- Problem statement -
The expected answer holds every line from the first line of the data below through the line containing "case (Suc N)", exactly as written, and no other line.

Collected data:

(* Let $(S_n)_{n\ge0}$ be a random walk on $\mathbb R$ with i.i.d. increments, $S_0=0$, $\mathbb E[S_1]>0$ and $\mathbb E[(S_1^+)^2]<\infty$, and let $\tau(t)=\inf\{n\ge0:S_n>t\}$ for $t\ge0$. Then for every $0<a<1$, $t\,\mathbb P(S_{\tau(t)-1}<at)\to0$ as $t\to\infty$. *)

theory Defs
  imports "HOL-Probability.Probability"
begin

definition rw :: "(nat \<Rightarrow> 'a \<Rightarrow> real) \<Rightarrow> nat \<Rightarrow> 'a \<Rightarrow> real" where
  "rw X n \<omega> = (\<Sum>i<n. X i \<omega>)"

(* first passage time tau(t) = inf {n >= 0. S_n > t} (arbitrary value if the set is empty,
   which happens only on a null set under the theorem's hypotheses) *)
definition passage :: "(nat \<Rightarrow> 'a \<Rightarrow> real) \<Rightarrow> real \<Rightarrow> 'a \<Rightarrow> nat" where
  "passage X t \<omega> = (LEAST n. rw X n \<omega> > t)"

end

theory Submission
  imports Defs
begin

(* Fix a truncation level L with mu = E[min(S_1, L)] > 0 and write T = tau(t). The truncated
   increments X_0, ..., X_(T-1) add up to at most t + L, so Wald's argument gives
   E[T] = sum_n P(T > n) <= (t + L) / mu. If S_(T-1) < a t, the step from S_(T-1) to S_T > t
   exceeds (1 - a) t; as {T > n} is independent of the increment X_n, a union bound over n gives
   P(S_(T-1) < a t) <= E[T] P(S_1 > (1 - a) t). Since E[(S_1^+)^2] is finite,
   t^2 P(S_1 > (1 - a) t) -> 0, and hence t P(S_(T-1) < a t) -> 0. *)

lemma rw_0 [simp]: "rw X 0 \<omega> = 0"
  by (simp add: rw_def)

lemma rw_Suc: "rw X (Suc n) \<omega> = rw X n \<omega> + X n \<omega>"
  by (simp add: rw_def)

lemma sum_truncated_steps_before_exit_le:
  fixes x :: "nat \<Rightarrow> real"
  assumes "0 \<le> t" "0 \<le> L"
  shows "(\<Sum>k<N. of_bool (\<forall>j\<le>k. (\<Sum>i<j. x i) \<le> t) * min (x k) L) \<le> t + L"
proof -
  let ?stay = "\<lambda>k. \<forall>j\<le>k. (\<Sum>i<j. x i) \<le> t"
  \<comment> \<open>Before the exit the truncated steps are dominated by the steps themselves; the exit step
    adds at most L on top of a partial sum \<open>\<le> t\<close>.\<close>
  have "(\<Sum>k<N. of_bool (?stay k) * min (x k) L) \<le> (if ?stay N then (\<Sum>i<N. x i) else t + L)"
  proof (induction N)
    case 0
    show ?case using assms by simp
  next
    case (Suc N)
    have stay_Suc: "?stay (Suc N) \<longleftrightarrow> ?stay N \<and> (\<Sum>i<Suc N. x i) \<le> t"
      by (auto simp: le_Suc_eq)
    show ?case
    proof (cases "?stay N")
      case True
      with Suc.IH have IH: "(\<Sum>k<N. of_bool (?stay k) * min (x k) L) \<le> (\<Sum>i<N. x i)"
        by simp
      have step: "(\<Sum>k<Suc N. of_bool (?stay k) * min (x k) L)
          = (\<Sum>k<N. of_bool (?stay k) * min (x k) L) + min (x N) L"
        using True by simp
      have "(\<Sum>i<N. x i) \<le> t" "min (x N) L \<le> x N" "min (x N) L \<le> L"
        using True by auto
      with IH have "(\<Sum>k<Suc N. of_bool (?stay k) * min (x k) L) \<le> (\<Sum>i<Suc N. x i)"
        and "(\<Sum>k<Suc N. of_bool (?stay k) * min (x k) L) \<le> t + L"
        unfolding step by simp_all
      then show ?thesis
        by (simp only: if_split) blast
    next
      case False
      then have "\<not> ?stay (Suc N)"
        by (simp add: stay_Suc)
      moreover have "(\<Sum>k<Suc N. of_bool (?stay k) * min (x k) L) = (\<Sum>k<N. of_bool (?stay k) * min (x k) L)"
        using False by simp
      ultimately show ?thesis
        using Suc.IH by (simp only: if_not_P[OF False] if_False)
    qed
  qed
  also have "\<dots> \<le> t + L"
    using assms by auto
  finally show ?thesis .
qed

lemma truncated_integral_pos:
  fixes f :: "'a \<Rightarrow> real"
  assumes "integrable M f" and "integral\<^sup>L M f > 0"
  obtains L where "0 \<le> L" and "(\<integral>x. min (f x) L \<partial>M) > 0"
proof -
  have "(\<lambda>n. \<integral>x. min (f x) (real n) \<partial>M) \<longlonglongrightarrow> integral\<^sup>L M f"
  proof (rule integral_dominated_convergence[where w="\<lambda>x. \<bar>f x\<bar>"])
    show "AE x in M. (\<lambda>n. min (f x) (real n)) \<longlonglongrightarrow> f x"
    proof (rule AE_I2, rule tendsto_eventually)
      fix x
      obtain n :: nat where "f x \<le> real n"
        using real_arch_simple by blast
      then show "\<forall>\<^sub>F n in sequentially. min (f x) (real n) = f x"
        unfolding eventually_sequentially by (intro exI[of _ n]) auto
    qed
  qed (use assms in auto)
  then have "\<forall>\<^sub>F n in sequentially. (\<integral>x. min (f x) (real n) \<partial>M) > 0"
    using assms(2) by (rule order_tendstoD)
  then obtain n where "(\<integral>x. min (f x) (real n) \<partial>M) > 0"
    by (auto simp: eventually_sequentially)
  then show thesis
    by (intro that[of "real n"]) auto
qed

lemma (in finite_measure) tendsto_sq_mult_measure_gt:
  fixes f :: "'a \<Rightarrow> real"
  assumes [measurable]: "f \<in> borel_measurable M"
    and int: "integrable M (\<lambda>x. (max 0 (f x))\<^sup>2)" and "0 < c"
  shows "((\<lambda>t. t\<^sup>2 * measure M {x\<in>space M. f x > c * t}) \<longlongrightarrow> 0) at_top"
proof -
  define g where "g t = (\<integral>x. (max 0 (f x))\<^sup>2 * indicator {c * t<..} (f x) \<partial>M)" for t
  have integrable_g: "integrable M (\<lambda>x. (max 0 (f x))\<^sup>2 * indicator {c * t<..} (f x))" for t
    by (rule Bochner_Integration.integrable_bound[OF int]) (auto simp: indicator_def)
  have "(g \<longlongrightarrow> (\<integral>x. 0 \<partial>M)) at_top"
    unfolding g_def
  proof (rule integral_dominated_convergence_at_top[where w="\<lambda>x. (max 0 (f x))\<^sup>2"])
    show "AE x in M. ((\<lambda>t. (max 0 (f x))\<^sup>2 * indicator {c * t<..} (f x)) \<longlongrightarrow> 0) at_top"
    proof (rule AE_I2, rule tendsto_eventually)
      fix x
      show "\<forall>\<^sub>F t in at_top. (max 0 (f x))\<^sup>2 * indicator {c * t<..} (f x) = (0::real)"
        using eventually_ge_at_top[of "f x / c"]
      proof eventually_elim
        case (elim t)
        then have "f x \<le> c * t"
          using \<open>0 < c\<close> by (simp add: divide_le_eq mult.commute)
        then show ?case
          by (simp add: indicator_def)
      qed
    qed
    show "\<forall>\<^sub>F t in at_top. AE x in M. norm ((max 0 (f x))\<^sup>2 * indicator {c * t<..} (f x)) \<le> (max 0 (f x))\<^sup>2"
      by (intro always_eventually allI AE_I2) (auto simp: indicator_def)
  qed (use int in auto)
  then have lim: "((\<lambda>t. g t / c\<^sup>2) \<longlongrightarrow> 0) at_top"
    by (intro tendsto_divide_zero) simp
  have bound: "t\<^sup>2 * measure M {x\<in>space M. f x > c * t} \<le> g t / c\<^sup>2" if "0 \<le> t" for t
  proof -
    \<comment> \<open>Markov's inequality for \<open>(f\<^sup>+)\<^sup>2\<close> on the tail event.\<close>
    have "c\<^sup>2 * (t\<^sup>2 * measure M {x\<in>space M. f x > c * t})
        = (\<integral>x. (c * t)\<^sup>2 * indicator {x\<in>space M. f x > c * t} x \<partial>M)"
      by (simp add: power_mult_distrib)
    also have "\<dots> \<le> g t"
      unfolding g_def
    proof (rule integral_mono[OF _ integrable_g])
      show "integrable M (\<lambda>x. (c * t)\<^sup>2 * indicator {x\<in>space M. f x > c * t} x)"
        by (intro integrable_mult_right integrable_real_indicator) (auto simp: less_top[symmetric])
      fix x
      assume "x \<in> space M"
      moreover have "(c * t)\<^sup>2 \<le> (max 0 (f x))\<^sup>2" if "f x > c * t"
        using that \<open>0 < c\<close> \<open>0 \<le> t\<close> by (intro power_mono) auto
      ultimately show "(c * t)\<^sup>2 * indicator {x\<in>space M. f x > c * t} x
          \<le> (max 0 (f x))\<^sup>2 * indicator {c * t<..} (f x)"
        by (auto simp: indicator_def)
    qed
    finally show ?thesis
      using \<open>0 < c\<close> by (simp add: le_divide_eq mult.commute)
  qed
  show ?thesis
  proof (rule tendsto_sandwich[OF _ _ tendsto_const lim])
    show "\<forall>\<^sub>F t in at_top. 0 \<le> t\<^sup>2 * measure M {x\<in>space M. f x > c * t}"
      by simp
    show "\<forall>\<^sub>F t in at_top. t\<^sup>2 * measure M {x\<in>space M. f x > c * t} \<le> g t / c\<^sup>2"
      using eventually_ge_at_top[of 0] by eventually_elim (rule bound)
  qed
qed

locale iid_random_walk = prob_space M for M :: "'a measure" +
  fixes X :: "nat \<Rightarrow> 'a \<Rightarrow> real"
  assumes measurable_step [measurable]: "\<And>i. X i \<in> borel_measurable M"
    and indep_steps: "indep_vars (\<lambda>_. borel) X UNIV"
    and distr_step: "\<And>i. distr M borel (X i) = distr M borel (X 0)"
begin

lemma borel_measurable_rw [measurable]: "rw X n \<in> borel_measurable M"
  unfolding rw_def by measurable

lemma integral_step:
  fixes \<phi> :: "real \<Rightarrow> real"
  assumes "\<phi> \<in> borel_measurable borel"
  shows "(\<integral>\<omega>. \<phi> (X k \<omega>) \<partial>M) = (\<integral>\<omega>. \<phi> (X 0 \<omega>) \<partial>M)"
proof -
  have "(\<integral>\<omega>. \<phi> (X k \<omega>) \<partial>M) = integral\<^sup>L (distr M borel (X k)) \<phi>"
    using integral_distr[OF measurable_step[of k] assms] by simp
  also have "\<dots> = integral\<^sup>L (distr M borel (X 0)) \<phi>"
    by (simp only: distr_step[of k])
  also have "\<dots> = (\<integral>\<omega>. \<phi> (X 0 \<omega>) \<partial>M)"
    using integral_distr[OF measurable_step[of 0] assms] by simp
  finally show ?thesis .
qed

lemma integrable_step:
  fixes \<phi> :: "real \<Rightarrow> real"
  assumes "\<phi> \<in> borel_measurable borel" and "integrable M (\<lambda>\<omega>. \<phi> (X 0 \<omega>))"
  shows "integrable M (\<lambda>\<omega>. \<phi> (X k \<omega>))"
proof -
  have "integrable (distr M borel (X 0)) \<phi>"
    using assms integrable_distr_eq[OF measurable_step[of 0] assms(1)] by simp
  then have "integrable (distr M borel (X k)) \<phi>"
    by (simp only: distr_step[of k])
  then show ?thesis
    using integrable_distr_eq[OF measurable_step[of k] assms(1)] by simp
qed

- Answer box -
(* Let $(S_n)_{n\ge0}$ be a random walk on $\mathbb R$ with i.i.d. increments, $S_0=0$, $\mathbb E[S_1]>0$ and $\mathbb E[(S_1^+)^2]<\infty$, and let $\tau(t)=\inf\{n\ge0:S_n>t\}$ for $t\ge0$. Then for every $0<a<1$, $t\,\mathbb P(S_{\tau(t)-1}<at)\to0$ as $t\to\infty$. *)

theory Defs
  imports "HOL-Probability.Probability"
begin

definition rw :: "(nat \<Rightarrow> 'a \<Rightarrow> real) \<Rightarrow> nat \<Rightarrow> 'a \<Rightarrow> real" where
  "rw X n \<omega> = (\<Sum>i<n. X i \<omega>)"

(* first passage time tau(t) = inf {n >= 0. S_n > t} (arbitrary value if the set is empty,
   which happens only on a null set under the theorem's hypotheses) *)
definition passage :: "(nat \<Rightarrow> 'a \<Rightarrow> real) \<Rightarrow> real \<Rightarrow> 'a \<Rightarrow> nat" where
  "passage X t \<omega> = (LEAST n. rw X n \<omega> > t)"

end

theory Submission
  imports Defs
begin

(* Fix a truncation level L with mu = E[min(S_1, L)] > 0 and write T = tau(t). The truncated
   increments X_0, ..., X_(T-1) add up to at most t + L, so Wald's argument gives
   E[T] = sum_n P(T > n) <= (t + L) / mu. If S_(T-1) < a t, the step from S_(T-1) to S_T > t
   exceeds (1 - a) t; as {T > n} is independent of the increment X_n, a union bound over n gives
   P(S_(T-1) < a t) <= E[T] P(S_1 > (1 - a) t). Since E[(S_1^+)^2] is finite,
   t^2 P(S_1 > (1 - a) t) -> 0, and hence t P(S_(T-1) < a t) -> 0. *)

lemma rw_0 [simp]: "rw X 0 \<omega> = 0"
  by (simp add: rw_def)

lemma rw_Suc: "rw X (Suc n) \<omega> = rw X n \<omega> + X n \<omega>"
  by (simp add: rw_def)

lemma sum_truncated_steps_before_exit_le:
  fixes x :: "nat \<Rightarrow> real"
  assumes "0 \<le> t" "0 \<le> L"
  shows "(\<Sum>k<N. of_bool (\<forall>j\<le>k. (\<Sum>i<j. x i) \<le> t) * min (x k) L) \<le> t + L"
proof -
  let ?stay = "\<lambda>k. \<forall>j\<le>k. (\<Sum>i<j. x i) \<le> t"
  \<comment> \<open>Before the exit the truncated steps are dominated by the steps themselves; the exit step
    adds at most L on top of a partial sum \<open>\<le> t\<close>.\<close>
  have "(\<Sum>k<N. of_bool (?stay k) * min (x k) L) \<le> (if ?stay N then (\<Sum>i<N. x i) else t + L)"
  proof (induction N)
    case 0
    show ?case using assms by simp
  next
    case (Suc N)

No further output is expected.